### Exercise goal
Both the line below containing "b \<in> ICK" and the line containing "using assms(3) unfolding", along with every line between them, should be repeated exactly; no other line belongs in the answer.

### Collected data entries
--------------------------------

lemma exec_op_invar:
  assumes "heap_invar h" "valid_op op h"
  shows "heap_invar (exec_op op h) \<and>
    (size (exec_op op h) = size h + 1 \<or> size (exec_op op h) + 1 = size h \<or>
     (size (exec_op op h) = size h \<and> h \<noteq> Leaf))"
proof (cases op)
  case (Insert i k)
  have ids: "id_mset (exec_op op h) = add_mset i (id_mset h)" and "is_root (exec_op op h)"
    using assms(1) Insert
    by (simp_all add: heap_invar_def insert_heap_def id_mset_def mset_tree_link is_root_link nid_def)
  moreover have "distinct_ids (exec_op op h)"
  proof -
    have "mset (map nid (inorder (exec_op op h))) = mset (i # map nid (inorder h))"
      using ids by (simp add: id_mset_def mset_map)
    then have "distinct_ids (exec_op op h) = distinct (i # map nid (inorder h))"
      unfolding distinct_ids_def by (rule mset_eq_imp_distinct_iff)
    then show ?thesis using assms Insert
      by (simp add: distinct_ids_def ids_eq_set_inorder heap_invar_def)
  qed
  moreover have "size (exec_op op h) = size h + 1"
    using arg_cong[OF ids, of size] by (simp add: size_id_mset)
  ultimately show ?thesis by (simp add: heap_invar_def)
next
  case GetMin
  then show ?thesis using assms by simp
next
  case DeleteMin
  have "is_root h" "h \<noteq> Leaf" using assms DeleteMin by (simp_all add: heap_invar_def)
  then obtain l a where h: "h = Node l a Leaf" by (rule is_rootE)
  have ids: "id_mset (exec_op op h) = id_mset l"
    using DeleteMin h mset_del_min[of l a Leaf] by (simp add: id_mset_def)
  have "distinct_ids l"
    using assms(1) h by (simp add: heap_invar_def distinct_ids_Node)
  then have "heap_invar (exec_op op h)"
    using distinct_ids_iff_id_mset[OF ids] DeleteMin is_root_del_min by (simp add: heap_invar_def)
  moreover have "size (exec_op op h) + 1 = size h"
    using arg_cong[OF ids, of size] h by (simp add: size_id_mset)
  ultimately show ?thesis by simp
next
  case (DecreaseKey i y)
  then have "i \<in> ids h" using assms(2) by (auto simp: ids_def)
  then have root: "is_root (exec_op op h)" and ids: "id_mset (exec_op op h) = id_mset h"
    using assms(1) DecreaseKey decrease_key_invar[of h i y] by (simp_all add: heap_invar_def)
  have "size (exec_op op h) = size h" using ids by (rule size_eq_if_id_mset_eq)
  moreover have "h \<noteq> Leaf" using \<open>i \<in> ids h\<close> by auto
  ultimately show ?thesis
    using assms(1) root distinct_ids_iff_id_mset[OF ids] by (simp add: heap_invar_def)
qed

lemma reachable_invar:
  "reachable s \<Longrightarrow> heap_invar (fst s) \<and> sticky_size_ok (size (fst s)) (snd s)"
proof (induction rule: reachable.induct)
  case init
  then show ?case by (simp add: heap_invar_def distinct_ids_def sticky_size_ok_def)
next
  case (step h N op)
  then have "heap_invar (exec_op op h)"
    and "sticky_size_ok (size (exec_op op h)) (sticky_update (size (exec_op op h)) N)"
    using exec_op_invar[of h op] sticky_size_ok_update[of "size h" N "size (exec_op op h)"]
    by simp_all
  then show ?case by (simp add: step_def Let_def)
qed

section \<open>Potential\<close>

text \<open>The factor |x_L| / lg N of a mixed node, capped at 1 for a child with more than lg N
  nodes, so that all three nonzero cases of the node potential have one form.\<close>
definition capped_ratio :: "real \<Rightarrow> real \<Rightarrow> real" where
  "capped_ratio g x = (if g < x then 1 else x / g)"

lemma capped_ratio_nonneg: "0 \<le> x \<Longrightarrow> 0 \<le> capped_ratio g x"
  by (simp add: capped_ratio_def)

lemma capped_ratio_le_one: "0 \<le> x \<Longrightarrow> capped_ratio g x \<le> 1"
  by (simp add: capped_ratio_def divide_le_eq_1, linarith)

lemma capped_ratio_mono: "0 \<le> x \<Longrightarrow> x \<le> y \<Longrightarrow> capped_ratio g x \<le> capped_ratio g y"
  by (auto simp: capped_ratio_def divide_le_eq_1 divide_right_mono)

lemma node_pot_Node:
  "node_pot N (Node l a r) =
     (if real (size l) \<le> log 2 N \<and> real (size r) \<le> log 2 N then 0
      else 400 + 100 * capped_ratio (log 2 N) (size l) * capped_ratio (log 2 N) (size r)
                 * log 2 (size (Node l a r)))"
  by (auto simp: node_pot_def capped_ratio_def Let_def)

lemma node_pot_nonneg: "0 \<le> node_pot N t"
  by (cases t) (simp add: node_pot_def, simp add: node_pot_Node capped_ratio_nonneg)
lemma maximal_non_derivable:
  assumes "\<not> derivable H \<psi>"
  obtains M where "H \<subseteq> M" "\<not> derivable M \<psi>" "\<And>\<chi>. \<not> derivable (insert \<chi> M) \<psi> \<Longrightarrow> \<chi> \<in> M"
proof -
  let ?A = "{M. H \<subseteq> M \<and> \<not> derivable M \<psi>}"
  have "\<Union>C \<in> ?A" if "C \<noteq> {}" and chain: "subset.chain ?A C" for C
  proof -
    have "\<not> derivable (\<Union>C) \<psi>"
    proof
      assume "derivable (\<Union>C) \<psi>"
      then obtain F where F: "finite F" "F \<subseteq> \<Union>C" "derivable F \<psi>"
        using derivable_finite_subset by blast
      then obtain M where "M \<in> C" "F \<subseteq> M"
        using finite_subset_Union_chain[OF F(1,2) \<open>C \<noteq> {}\<close> chain] by blast
      moreover have "\<not> derivable M \<psi>"
        using \<open>M \<in> C\<close> chain unfolding subset.chain_def by blast
      ultimately show False using F(3) derivable_mono by blast
    qed
    moreover have "H \<subseteq> \<Union>C"
      using that unfolding subset.chain_def by blast
    ultimately show ?thesis by blast
  qed
  moreover have "?A \<noteq> {}" using assms by blast
  ultimately obtain M where M: "M \<in> ?A" and max: "\<forall>M'\<in>?A. M \<subseteq> M' \<longrightarrow> M' = M"
    using subset_Zorn_nonempty[of ?A] by blast
  have "\<chi> \<in> M" if "\<not> derivable (insert \<chi> M) \<psi>" for \<chi>
    using M max[rule_format, of "insert \<chi> M"] that by blast
  with M show thesis using that by blast
qed

lemma lindenbaum:
  assumes "\<not> derivable H \<psi>"
  obtains T where "prime_theory T" "H \<subseteq> T" "\<psi> \<notin> T"
proof -
  obtain M where HM: "H \<subseteq> M" and M: "\<not> derivable M \<psi>"
    and max: "\<And>\<chi>. \<not> derivable (insert \<chi> M) \<psi> \<Longrightarrow> \<chi> \<in> M"
    using maximal_non_derivable[OF assms] by blast
  have "\<chi> \<in> M" if "derivable M \<chi>" for \<chi>
    using max derivable_deduction derivable.mp M that by blast
  moreover have "Bot \<notin> M"
    using M by (meson ICK.ax_efq derivable.ICK derivable.hyp derivable.mp)
  moreover have "a \<in> M \<or> b \<in> M" if "Or a b \<in> M" for a b
    using max derivable_deduction M that
    by (meson ICK.ax_disjE derivable.ICK derivable.hyp derivable.mp)
  ultimately have "prime_theory M" unfolding prime_theory_def by blast
  then show thesis using that HM M derivable.hyp by blast
qed

definition canon_worlds :: "form set set" where
  "canon_worlds = {T. prime_theory T}"

definition canon_extent :: "form \<Rightarrow> form set set" where
  "canon_extent \<phi> = {T \<in> canon_worlds. \<phi> \<in> T}"

(* Only extents of formulas carry a nonempty relation; by the congruence rule cong_l the
   formula chosen to represent an extent is irrelevant (canon_rel_extent). *)
definition canon_rel :: "form set set \<Rightarrow> form set \<Rightarrow> form set \<Rightarrow> bool" where
  "canon_rel a T U \<longleftrightarrow> T \<in> canon_worlds \<and> U \<in> canon_worlds \<and>
     (\<exists>\<phi>. a = canon_extent \<phi> \<and> (\<forall>\<psi>. Cond \<phi> \<psi> \<in> T \<longrightarrow> \<psi> \<in> U))"

lemma ICK_Imp_if_canon_extent_subset:
  assumes "canon_extent a \<subseteq> canon_extent b"
  shows "Imp a b \<in> ICK \<Gamma>"
proof (rule ccontr)
  assume "Imp a b \<notin> ICK \<Gamma>"
  then have "\<not> derivable {a} b"
    using derivable_deduction derivable_empty by blast
  then obtain T where "prime_theory T" "a \<in> T" "b \<notin> T"
    using lindenbaum by blast
  then show False using assms unfolding canon_extent_def canon_worlds_def by blast
qed
text \<open>Coordinates with respect to an independent \<open>\<Delta>\<close> are unique, so if two nonnegative
  combinations add up to a vector supported on \<open>\<Gamma>\<close>, neither of them can use \<open>\<Delta> - \<Gamma>\<close>.\<close>
lemma nonneg_comb_subset_if_add_in_span:
  assumes "independent \<Delta>" "\<Gamma> \<subseteq> \<Delta>" "nonneg_comb \<Delta> x" "nonneg_comb \<Delta> y" "x + y \<in> span \<Gamma>"
  shows "nonneg_comb \<Gamma> x"
proof -
  have fin: "finite \<Delta>" using assms(1) independent_imp_finite by blast
  then have "finite \<Gamma>" using assms(2) finite_subset by blast
  then obtain f where f: "x + y = (\<Sum>b\<in>\<Gamma>. f b *\<^sub>R b)" using assms(5) span_finite by auto
  obtain c where c: "\<forall>b\<in>\<Delta>. c b \<ge> 0" "x = (\<Sum>b\<in>\<Delta>. c b *\<^sub>R b)"
    using assms(3) unfolding nonneg_comb_def by blast
  obtain e where e: "\<forall>b\<in>\<Delta>. e b \<ge> 0" "y = (\<Sum>b\<in>\<Delta>. e b *\<^sub>R b)"
    using assms(4) unfolding nonneg_comb_def by blast
  define f' where "f' b = (if b \<in> \<Gamma> then f b else 0)" for b
  have "(\<Sum>b\<in>\<Delta>. f' b *\<^sub>R b) = (\<Sum>b\<in>\<Gamma>. f b *\<^sub>R b)"
    using fin assms(2) by (subst sum.mono_neutral_right[of \<Delta> \<Gamma>]) (auto simp: f'_def)
  then have coeffs: "(\<Sum>b\<in>\<Delta>. (c b + e b) *\<^sub>R b) = (\<Sum>b\<in>\<Delta>. f' b *\<^sub>R b)"
    using c(2) e(2) f by (simp add: scaleR_add_left sum.distrib)
  have "c b = 0" if "b \<in> \<Delta> - \<Gamma>" for b
  proof -
    have "c b + e b = 0"
      using independent_coeffs_eq[OF assms(1) coeffs] that by (simp add: f'_def)
    moreover have "c b \<ge> 0" "e b \<ge> 0" using c(1) e(1) that by auto
    ultimately show ?thesis by linarith
  qed
  then have "x = (\<Sum>b\<in>\<Gamma>. c b *\<^sub>R b)"
    using c(2) sum.mono_neutral_right[OF fin assms(2), of "\<lambda>b. c b *\<^sub>R b"] by simp
  then show ?thesis using c(1) assms(2) unfolding nonneg_comb_def by blast
qed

--------------------------------

### Task answer
  shows "Imp a b \<in> ICK \<Gamma>"
proof (rule ccontr)
  assume "Imp a b \<notin> ICK \<Gamma>"
  then have "\<not> derivable {a} b"
    using derivable_deduction derivable_empty by blast
  then obtain T where "prime_theory T" "a \<in> T" "b \<notin> T"
    using lindenbaum by blast
  then show False using assms unfolding canon_extent_def canon_worlds_def by blast
qed
text \<open>Coordinates with respect to an independent \<open>\<Delta>\<close> are unique, so if two nonnegative
  combinations add up to a vector supported on \<open>\<Gamma>\<close>, neither of them can use \<open>\<Delta> - \<Gamma>\<close>.\<close>
lemma nonneg_comb_subset_if_add_in_span:
  assumes "independent \<Delta>" "\<Gamma> \<subseteq> \<Delta>" "nonneg_comb \<Delta> x" "nonneg_comb \<Delta> y" "x + y \<in> span \<Gamma>"
  shows "nonneg_comb \<Gamma> x"
proof -
  have fin: "finite \<Delta>" using assms(1) independent_imp_finite by blast
  then have "finite \<Gamma>" using assms(2) finite_subset by blast
  then obtain f where f: "x + y = (\<Sum>b\<in>\<Gamma>. f b *\<^sub>R b)" using assms(5) span_finite by auto
  obtain c where c: "\<forall>b\<in>\<Delta>. c b \<ge> 0" "x = (\<Sum>b\<in>\<Delta>. c b *\<^sub>R b)"
    using assms(3) unfolding nonneg_comb_def by blast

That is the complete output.